2016-04-05 Thread Shiva Achari
Hi,

I have created a hive external table stored as textfile partitioned by
event_date Date.

How do we have to specify a specific format of csv while reading in spark
from Hive table ?

The environment is

 1. 1.Spark 1.5.0 - cdh5.5.1 Using Scala version 2.10.4(Java
HotSpot(TM) 64 - Bit Server VM, Java 1.7.0_67)
 2. Hive 1.1, CDH 5.5.1

scala script

sqlContext.setConf("hive.exec.dynamic.partition", "true")
sqlContext.setConf("hive.exec.dynamic.partition.mode", "nonstrict")

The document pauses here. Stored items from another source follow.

lemma first_point_on_open_segment:
  fixes a b :: "'a::euclidean_space"
  assumes "finite Q" "Q \<inter> open_segment a b \<noteq> {}"
  obtains q where "q \<in> Q \<inter> open_segment a b" "open_segment a q \<inter> Q = {}"
proof -
  obtain q where q: "is_arg_min (dist a) (\<lambda>q. q \<in> Q \<inter> open_segment a b) q"
    using ex_is_arg_min_if_finite[of "Q \<inter> open_segment a b" "dist a"] assms by blast
  have "open_segment a q \<subseteq> open_segment a b"
    using q by (auto simp: is_arg_min_def subset_open_segment open_closed_segment)
  moreover have "dist a z < dist a q" if "z \<in> open_segment a q" for z
    using dist_in_open_segment[OF that] by (simp add: dist_commute)
  ultimately have "open_segment a q \<inter> Q = {}"
    using q unfolding is_arg_min_def by blast
  with q show thesis
    using that unfolding is_arg_min_def by blast
qed

lemma path_length_Cons:
  "xs \<noteq> [] \<Longrightarrow> path_length p (x # xs) = dist (p x) (p (hd xs)) + path_length p xs"
  by (cases xs) (simp_all add: path_length_def sum.lessThan_Suc_shift del: sum.lessThan_Suc)

lemma dist_le_path_length:
  "xs \<noteq> [] \<Longrightarrow> dist (p (hd xs)) (p (last xs)) \<le> path_length p xs"
proof (induction xs)
  case (Cons x xs)
  show ?case
  proof (cases "xs = []")
    case False
    then show ?thesis
      using Cons.IH path_length_Cons[OF False, of p x]
        dist_triangle[of "p x" "p (last xs)" "p (hd xs)"] by simp
  qed (simp add: path_length_def)
qed simp

lemma path_on_closed_segment_if_length_eq_dist:
  assumes "xs \<noteq> []" "path_length p xs = dist (p (hd xs)) (p (last xs))"
  shows "p ` set xs \<subseteq> closed_segment (p (hd xs)) (p (last xs))"
  using assms
proof (induction xs)
  case (Cons x xs)
  show ?case
  proof (cases "xs = []")
    case False
    let ?a = "p x" and ?b = "p (hd xs)" and ?c = "p (last xs)"
    have "dist ?a ?c \<le> dist ?a ?b + dist ?b ?c"
      by (rule dist_triangle)
    moreover have "dist ?b ?c \<le> path_length p xs"
      using dist_le_path_length[OF False] .
    moreover have "dist ?a ?b + path_length p xs = dist ?a ?c"
      using Cons.prems False by (simp add: path_length_Cons)
    ultimately have "dist ?a ?c = dist ?a ?b + dist ?b ?c" "path_length p xs = dist ?b ?c"
      by linarith+
    then have "?b \<in> closed_segment ?a ?c" "p ` set xs \<subseteq> closed_segment ?b ?c"
      using Cons.IH False in_closed_segment_iff_dist[of ?b ?a ?c] by simp_all
    then have "p ` set xs \<subseteq> closed_segment ?a ?c"
      using subset_closed_segment[of ?b ?c ?a ?c] by auto
    then show ?thesis
      using False by simp
  qed simp
qed simp

lemma is_path_edge: "E u v \<Longrightarrow> u \<noteq> v \<Longrightarrow> is_path E [u, v] u v"
  unfolding is_path_def by (auto simp: less_Suc_eq)

lemma is_path_Cons:
  assumes "is_path E xs w v" "E u w" "u \<notin> set xs"
  shows "is_path E (u # xs) u v"
  unfolding is_path_def
proof (intro conjI allI impI)
  fix i assume "Suc i < length (u # xs)"
  then show "E ((u # xs) ! i) ((u # xs) ! Suc i)"
    using assms(1,2) by (cases i) (auto simp: is_path_def hd_conv_nth)
qed (use assms in \<open>auto simp: is_path_def\<close>)

lemma is_path_subset_vertices:
  assumes "graph V E" "is_path E xs u v" "u \<in> V"
  shows "set xs \<subseteq> V"
proof
  fix x assume "x \<in> set xs"
  then obtain i where i: "i < length xs" "x = xs ! i"
    by (auto simp: in_set_conv_nth)
  show "x \<in> V"
  proof (cases i)
    case 0
    then show ?thesis
      using assms i by (cases xs) (auto simp: is_path_def)
  next
    case (Suc j)
    then have "E (xs ! j) x"
      using assms(2) i unfolding is_path_def by auto
    then show ?thesis
      using assms(1) unfolding graph_def by blast
  qed
qed

lemma dist_le_path_dist: "ereal (dist (p u) (p v)) \<le> path_dist E p u v"
  unfolding path_dist_def
  by (rule Inf_greatest) (auto simp: is_path_def dest: dist_le_path_length[of _ p])

lemma path_dist_le_path_length:
  "is_path E xs u v \<Longrightarrow> path_dist E p u v \<le> ereal (path_length p xs)"
  unfolding path_dist_def by (rule Inf_lower) blast

lemma path_dist_attained:
  assumes "graph V E" "u \<in> V" "path_dist E p u v \<noteq> \<infinity>"
  obtains xs where "is_path E xs u v" "path_dist E p u v = ereal (path_length p xs)"
proof -
  define T where "T = {ereal (path_length p xs) | xs. is_path E xs u v}"
  have "T \<subseteq> (\<lambda>xs. ereal (path_length p xs)) ` {xs. set xs \<subseteq> V \<and> distinct xs}"
    unfolding T_def using is_path_subset_vertices[OF assms(1) _ assms(2)]
    by (auto simp: is_path_def)
  moreover have "finite V"
    using assms(1) unfolding graph_def by blast
  ultimately have "finite T"
    using finite_subset_distinct finite_subset by blast
  moreover have "path_dist E p u v = Inf T"
    unfolding path_dist_def T_def ..
  then have "T \<noteq> {}"
    using assms(3) by (auto simp: top_ereal_def)
  ultimately have "Inf T \<in> T"
    using cInf_eq_Min[of T] Min_in[of T] by simp
  then show thesis
    using that \<open>path_dist E p u v = Inf T\<close> unfolding T_def by auto
qed
(* Let $q\ge 3$ be a prime power and $1\le d\le e$. For all $0\le i\le d-1$ and $1\le j\le d$, $$|B_j(i)|>|B_j(i+1)|.$$
   Context: For integers $m\ge 0$ and $l$, ${m\brack l}=\prod_{t=1}^{l}\frac{q^{m-t+1}-1}{q^t-1}$ for $l\ge0$ and $0$ for $l<0$. For $0\le i,j\le d$, $$B_j(i)=\sum_{h=0}^{\min\{j,d-i\}}(-1)^{j-h}q^{eh+\binom{j-h}{2}}{d-h\brack d-j}{d-i\brack h};$$ these are the eigenvalues of the bilinear forms graph $H_q(d,e,j)$ (vertices: $d\times e$ matrices over $\mathbb F_q$, adjacent iff their difference has rank $j$). *)

theory Defs
  imports Complex_Main "HOL-Computational_Algebra.Primes"
begin

text \<open>Gaussian binomial coefficient [m, l]_q for natural m, l (the case l < 0,
  where it is 0, never arises in the formula for B below).\<close>
definition gauss_binom :: "nat \<Rightarrow> nat \<Rightarrow> nat \<Rightarrow> real" where
  "gauss_binom q m l = (\<Prod>t = 1..l. (real q ^ (m - t + 1) - 1) / (real q ^ t - 1))"

text \<open>Eigenvalue B_j(i) of the bilinear forms graph H_q(d,e,j).\<close>
definition bil_eig :: "nat \<Rightarrow> nat \<Rightarrow> nat \<Rightarrow> nat \<Rightarrow> nat \<Rightarrow> real" where
  "bil_eig q d e j i =
     (\<Sum>h = 0..min j (d - i).
        (-1) ^ (j - h) * real q ^ (e * h + ((j - h) choose 2))
        * gauss_binom q (d - h) (d - j) * gauss_binom q (d - i) h)"

definition prime_power :: "nat \<Rightarrow> bool" where
  "prime_power q \<longleftrightarrow> (\<exists>p k. prime p \<and> k \<ge> 1 \<and> q = p ^ k)"

end

theory Submission
  imports Defs
begin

val distData = sc.parallelize(Array((1, 1, 1), (2, 2, 2), (3, 3,
3))).toDF
val distData_1 = distData.withColumn("event_date", current_date())
distData_1: org.apache.spark.sql.DataFrame = [_1: int, _2: int, _3:
int, event_date: date]

scala > distData_1.show
+ ---+---+---+--+
|_1 |_2 |_3 | event_date |
| 1 | 1 | 1 | 2016-03-25 |
| 2 | 2 | 2 | 2016-03-25 |
| 3 | 3 | 3 | 2016-03-25 |


distData_1.write.mode("append").partitionBy("event_date").saveAsTable("part_table")


scala > sqlContext.sql("select * from part_table").show
| a| b| c| event_date |
|1,1,1 | null | null | 2016-03-25 |
|2,2,2 | null | null | 2016-03-25 |
|3,3,3 | null | null | 2016-03-25 |



Hive table

create external table part_table (a String, b int, c bigint)
partitioned by (event_date Date)
row format delimited fields terminated by ','
stored as textfile  LOCATION "/user/hdfs/hive/part_table";

select * from part_table shows
|part_table.a | part_table.b | part_table.c | part_table.event_date
|
|1 |1 |1
 |2016-03-25
|2 |2 |2
 |2016-03-25
|3 |3 |3
 |2016-03-25


Looking at the hdfs


The path has 2 part files
/user/hdfs/hive/part_table/event_date=2016-03-25
part-0
part-1

  part-0 content
1,1,1
  part-1 content
2,2,2
3,3,3


P.S. if we store the table as orc it writes and reads the data as expected.